But if the boy had grown broody and silent, Gaudenzia was just the opposite. She felt intensely alive. Let out of her stable, she tried to rake the sky for sheer joy in living. She felt good! Never was she alone, not even on rainy days; her fantino was groom and companion, too, steadfast as the earth. And so she thrived.

From fast work she went to slower and longer work. She walked and trotted one week, two weeks. Then gradually Giorgio intensified her training. More trotting and galloping, less walking. More grain, less hay.

"For you, your life will always be mountains and valleys," he told her one morning as they jogged along a country byway. "Always between Palios comes the easing off, the nice rest. Then you must start all over again and make the steep climb to new peaks."

A fluffy seed blew into her nose. She blew it out again with a loud snort.

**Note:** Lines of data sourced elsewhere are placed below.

(* In the $d$-dimensional setting with $v\equiv0$, $\beta\ge0$, $\zeta_l>0$, $\zeta_r>0$ and $N_1\ge2$, $$\mathcal{J}(N_1,\dots,N_d)=\frac{2(\alpha_{in}^l\alpha_{out}^r-\alpha_{out}^l\alpha_{in}^r)\prod_{n=2}^dN_n}{\big(\beta(N_1-1)+\zeta_l+\zeta_r\big)\zeta_l\zeta_r+\zeta_l+\zeta_r}.$$
   Context: Let $d\ge1$ and $N_1,\dots,N_d\in\mathbb{N}$. Let $\mathfrak L=\{1,\dots,N_1\}\times\cdots\times\{1,\dots,N_d\}$; $NN(\nu)$ is the set of nearest neighbours of $\nu$ in $\mathfrak L$. For $i=1,\dots,N_1$ let $M_i=\{\nu\in\mathfrak L:\nu_1=i\}$, and for $\nu\notin M_{N_1}$ let $\nu_+=(\nu_1+1,\nu_2,\dots,\nu_d)$. Let $\{e_\nu\}$ be the standard basis of $\mathbb{C}^{|\mathfrak L|}$, $p_\nu=|e_\nu\rangle\langle e_\nu|$, $P_1=\sum_{\nu\in M_1}p_\nu$, $P_{N_1}=\sum_{\nu\in M_{N_1}}p_\nu$. Given a real $v$ on $\mathfrak L$, $(h\psi)(\nu)=-\sum_{\mu\in NN(\nu)}\psi(\mu)+v(\nu)\psi(\nu)$. Let $\alpha_{in}^l,\alpha_{out}^l,\alpha_{in}^r,\alpha_{out}^r,\beta\ge0$, $\zeta_l=\alpha_{in}^l+\alpha_{out}^l$, $\zeta_r=\alpha_{in}^r+\alpha_{out}^r$. Define $l(a)=-i[h,a]-\zeta_l\{P_1,a\}-\zeta_r\{P_{N_1},a\}+\beta\left(\sum_{\nu\in\mathfrak L}p_\nu ap_\nu-a\right)$ on $M_{|\mathfrak L|}(\mathbb{C})$, $R_\infty=\int_0^\infty e^{tl}(2\alpha_{in}^lP_1+2\alpha_{in}^rP_{N_1})\,dt$, and the stationary current $\mathcal{J}(N_1,\dots,N_d)=\sum_{\nu\in M_1}2\,\mathrm{Im}\langle e_{\nu_+},R_\infty e_\nu\rangle$. *)

theory Defs
  imports "HOL-Analysis.Analysis"
begin

text \<open>Sites of the lattice are lists nu of length d; coordinate k (0-based list index)
  is the paper's coordinate k+1 and ranges over 1..N_(k+1).\<close>

type_synonym site = "nat list"
type_synonym cmat = "site \<Rightarrow> site \<Rightarrow> complex"
type_synonym cvec = "site \<Rightarrow> complex"

definition lattice :: "nat list \<Rightarrow> site set" where
  "lattice N = {\<nu>. length \<nu> = length N \<and> (\<forall>i<length N. 1 \<le> \<nu>!i \<and> \<nu>!i \<le> N!i)}"

definition NN :: "nat list \<Rightarrow> site \<Rightarrow> site set" where
  "NN N \<nu> = {\<mu> \<in> lattice N. \<exists>i<length N. (\<mu>!i = \<nu>!i + 1 \<or> \<nu>!i = \<mu>!i + 1)
                 \<and> (\<forall>j<length N. j \<noteq> i \<longrightarrow> \<mu>!j = \<nu>!j)}"

definition slab :: "nat list \<Rightarrow> nat \<Rightarrow> site set" where
  "slab N i = {\<nu> \<in> lattice N. \<nu>!0 = i}"

definition shift :: "site \<Rightarrow> site" where
  "shift \<nu> = \<nu>[0 := \<nu>!0 + 1]"

definition basis_vec :: "site \<Rightarrow> cvec" where
  "basis_vec \<nu> = (\<lambda>\<mu>. if \<mu> = \<nu> then 1 else 0)"

definition proj :: "site \<Rightarrow> cmat" where
  "proj \<nu> = (\<lambda>\<mu> \<kappa>. if \<mu> = \<nu> \<and> \<kappa> = \<nu> then 1 else 0)"

definition mmult :: "nat list \<Rightarrow> cmat \<Rightarrow> cmat \<Rightarrow> cmat" where
  "mmult N a b = (\<lambda>\<mu> \<kappa>. \<Sum>\<xi>\<in>lattice N. a \<mu> \<xi> * b \<xi> \<kappa>)"

definition mvec :: "nat list \<Rightarrow> cmat \<Rightarrow> cvec \<Rightarrow> cvec" where
  "mvec N a x = (\<lambda>\<mu>. \<Sum>\<kappa>\<in>lattice N. a \<mu> \<kappa> * x \<kappa>)"

definition cinner :: "nat list \<Rightarrow> cvec \<Rightarrow> cvec \<Rightarrow> complex" where
  "cinner N x y = (\<Sum>\<mu>\<in>lattice N. cnj (x \<mu>) * y \<mu>)"

definition msum :: "'i set \<Rightarrow> ('i \<Rightarrow> cmat) \<Rightarrow> cmat" where
  "msum A f = (\<lambda>\<mu> \<kappa>. \<Sum>x\<in>A. f x \<mu> \<kappa>)"

definition Pleft :: "nat list \<Rightarrow> cmat" where
  "Pleft N = msum (slab N 1) proj"

definition Pright :: "nat list \<Rightarrow> cmat" where
  "Pright N = msum (slab N (N!0)) proj"

definition ham :: "nat list \<Rightarrow> (site \<Rightarrow> real) \<Rightarrow> cmat" where
  "ham N v = (\<lambda>\<nu> \<mu>. if \<nu> \<in> lattice N \<and> \<mu> \<in> lattice N then
       - (if \<mu> \<in> NN N \<nu> then 1 else 0) + (if \<mu> = \<nu> then complex_of_real (v \<nu>) else 0)
     else 0)"

definition lindblad :: "nat list \<Rightarrow> (site \<Rightarrow> real) \<Rightarrow> real \<Rightarrow> real \<Rightarrow> real \<Rightarrow> cmat \<Rightarrow> cmat" where
  "lindblad N v \<zeta>l \<zeta>r \<beta> a = (\<lambda>\<mu> \<kappa>.
      - \<i> * (mmult N (ham N v) a \<mu> \<kappa> - mmult N a (ham N v) \<mu> \<kappa>)
      - complex_of_real \<zeta>l * (mmult N (Pleft N) a \<mu> \<kappa> + mmult N a (Pleft N) \<mu> \<kappa>)
      - complex_of_real \<zeta>r * (mmult N (Pright N) a \<mu> \<kappa> + mmult N a (Pright N) \<mu> \<kappa>)
      + complex_of_real \<beta> * (msum (lattice N) (\<lambda>\<nu>. mmult N (mmult N (proj \<nu>) a) (proj \<nu>)) \<mu> \<kappa> - a \<mu> \<kappa>))"

definition exp_lindblad ::
  "nat list \<Rightarrow> (site \<Rightarrow> real) \<Rightarrow> real \<Rightarrow> real \<Rightarrow> real \<Rightarrow> real \<Rightarrow> cmat \<Rightarrow> cmat" where
  "exp_lindblad N v \<zeta>l \<zeta>r \<beta> t a = (\<lambda>\<mu> \<kappa>.
     (\<Sum>k. complex_of_real (t ^ k / fact k) * ((lindblad N v \<zeta>l \<zeta>r \<beta> ^^ k) a) \<mu> \<kappa>))"

definition R_inf ::
  "nat list \<Rightarrow> (site \<Rightarrow> real) \<Rightarrow> real \<Rightarrow> real \<Rightarrow> real \<Rightarrow> real \<Rightarrow> real \<Rightarrow> cmat" where
  "R_inf N v ainl aoutl ainr aoutr \<beta> = (\<lambda>\<mu> \<kappa>.
     integral {0..} (\<lambda>t. exp_lindblad N v (ainl + aoutl) (ainr + aoutr) \<beta> t
        (\<lambda>\<mu>' \<kappa>'. 2 * complex_of_real ainl * Pleft N \<mu>' \<kappa>' + 2 * complex_of_real ainr * Pright N \<mu>' \<kappa>')
        \<mu> \<kappa>))"

definition current ::
  "nat list \<Rightarrow> (site \<Rightarrow> real) \<Rightarrow> real \<Rightarrow> real \<Rightarrow> real \<Rightarrow> real \<Rightarrow> real \<Rightarrow> real" where
  "current N v ainl aoutl ainr aoutr \<beta> =
     (\<Sum>\<nu>\<in>slab N 1. 2 * Im (cinner N (basis_vec (shift \<nu>))
                      (mvec N (R_inf N v ainl aoutl ainr aoutr \<beta>) (basis_vec \<nu>))))"

end

theory Submission
  imports Defs
begin

text \<open>At zero potential the equation \<open>l(R) = -S\<close> for the source
  \<open>S = 2 \<alpha>\<^sup>l\<^sub>i\<^sub>n P\<^sub>1 + 2 \<alpha>\<^sup>r\<^sub>i\<^sub>n P\<^sub>N\<^sub>1\<close> can be solved by hand: \<open>R\<close> has diagonal entry \<open>x(\<nu>\<^sub>1)\<close>
  depending only on the first coordinate, entries \<open>i j\<close> at \<open>(\<nu>\<^sub>+, \<nu>)\<close> and \<open>-i j\<close> at \<open>(\<nu>, \<nu>\<^sub>+)\<close>,
  and zeros elsewhere. The off-diagonal equations fix the steps of \<open>x\<close> in terms of the flux \<open>j\<close>,
  and the two boundary equations then force \<open>j = (\<alpha>\<^sup>l\<^sub>i\<^sub>n \<zeta>\<^sub>r - \<alpha>\<^sup>r\<^sub>i\<^sub>n \<zeta>\<^sub>l) / D\<close>, where \<open>D\<close> is the
  denominator of the theorem and \<open>\<alpha>\<^sup>l\<^sub>i\<^sub>n \<zeta>\<^sub>r - \<alpha>\<^sup>r\<^sub>i\<^sub>n \<zeta>\<^sub>l = \<alpha>\<^sup>l\<^sub>i\<^sub>n \<alpha>\<^sup>r\<^sub>o\<^sub>u\<^sub>t - \<alpha>\<^sup>l\<^sub>o\<^sub>u\<^sub>t \<alpha>\<^sup>r\<^sub>i\<^sub>n\<close>.
  Since \<open>d/dt e\<^sup>t\<^sup>l R = -e\<^sup>t\<^sup>l S\<close>, the integral \<open>R\<^sub>\<infinity>\<close> equals \<open>R\<close> once \<open>e\<^sup>t\<^sup>l\<close> is known to decay.
  Decay comes from the Hilbert--Schmidt norm, which is nonincreasing along the flow. It cannot
  stay constant on \<open>[0,1]\<close> along a nonzero trajectory: the boundary dissipation kills the rows in
  the slab \<open>M\<^sub>1\<close>, and the hopping then transports this vanishing along the first coordinate.
  Compactness of the unit sphere turns this into a uniform contraction over unit time.
  Finally each \<open>\<nu> \<in> M\<^sub>1\<close> contributes \<open>2 Im (i j) = 2 j\<close> to the current.\<close>

lemma compact_PiE_UNIV:
  assumes "\<And>i. compact (T i)"
  shows "compact (PiE UNIV T :: ('a \<Rightarrow> 'b::topological_space) set)"
proof -
  have "compactin (product_topology (\<lambda>i. euclidean) UNIV) (PiE UNIV T)"
    using assms by (simp add: compactin_PiE)
  then show ?thesis by (simp add: euclidean_product_topology)
qed

lemma continuous_on_entry: "continuous_on S (\<lambda>x::'a \<Rightarrow> 'b \<Rightarrow> 'c::topological_space. x \<mu> \<kappa>)"
  by (rule continuous_on_subset[OF continuous_on_product_then_coordinatewise[OF
        continuous_on_product_coordinates]]) auto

"Yes, you can snort away your little troubles. But me?" Sighing, he ran his eye along the distance, along the tufted terraces of olive gardens, and he followed the aerial maneuvers of a pair of swallows snapping insects on the wing. By keeping his mind busy he hoped to wear blinders to what was bothering him. But it was no use. The worry kept eating at his heart. Maybe he would feel better if he put it into words, instead of letting it run around in his head like a mouse in a mill.

"Listen, Gaudenzia," he spoke into the fine pricked ears, "for one little month you are Queen of the Palio. But you won your crown without...."

His talk sounded silly against the shimmer of distance. He clucked to the mare. A faster pace might make the words come faster, easier.

He tried again to make his voice strong, to empty his thoughts. "Gaudenzia! You won the July Palio without real battle, without the nerbo, without the secret arrangements." The words flowed faster. "Now you are marked. You are the one to beat. You and I—in the next Palio we could be separated. The contrada which draws you could already have engaged some other fantino." He burst out shouting: "What if you have to be beaten and slashed back? By me!"

The sweat broke cold on his face. He pulled the mare to a halt, and she stood trembling at his tone as if already she were beaten over the head with his nerbo. Thinking of her nervous tic, he quickly dismounted and quieted her.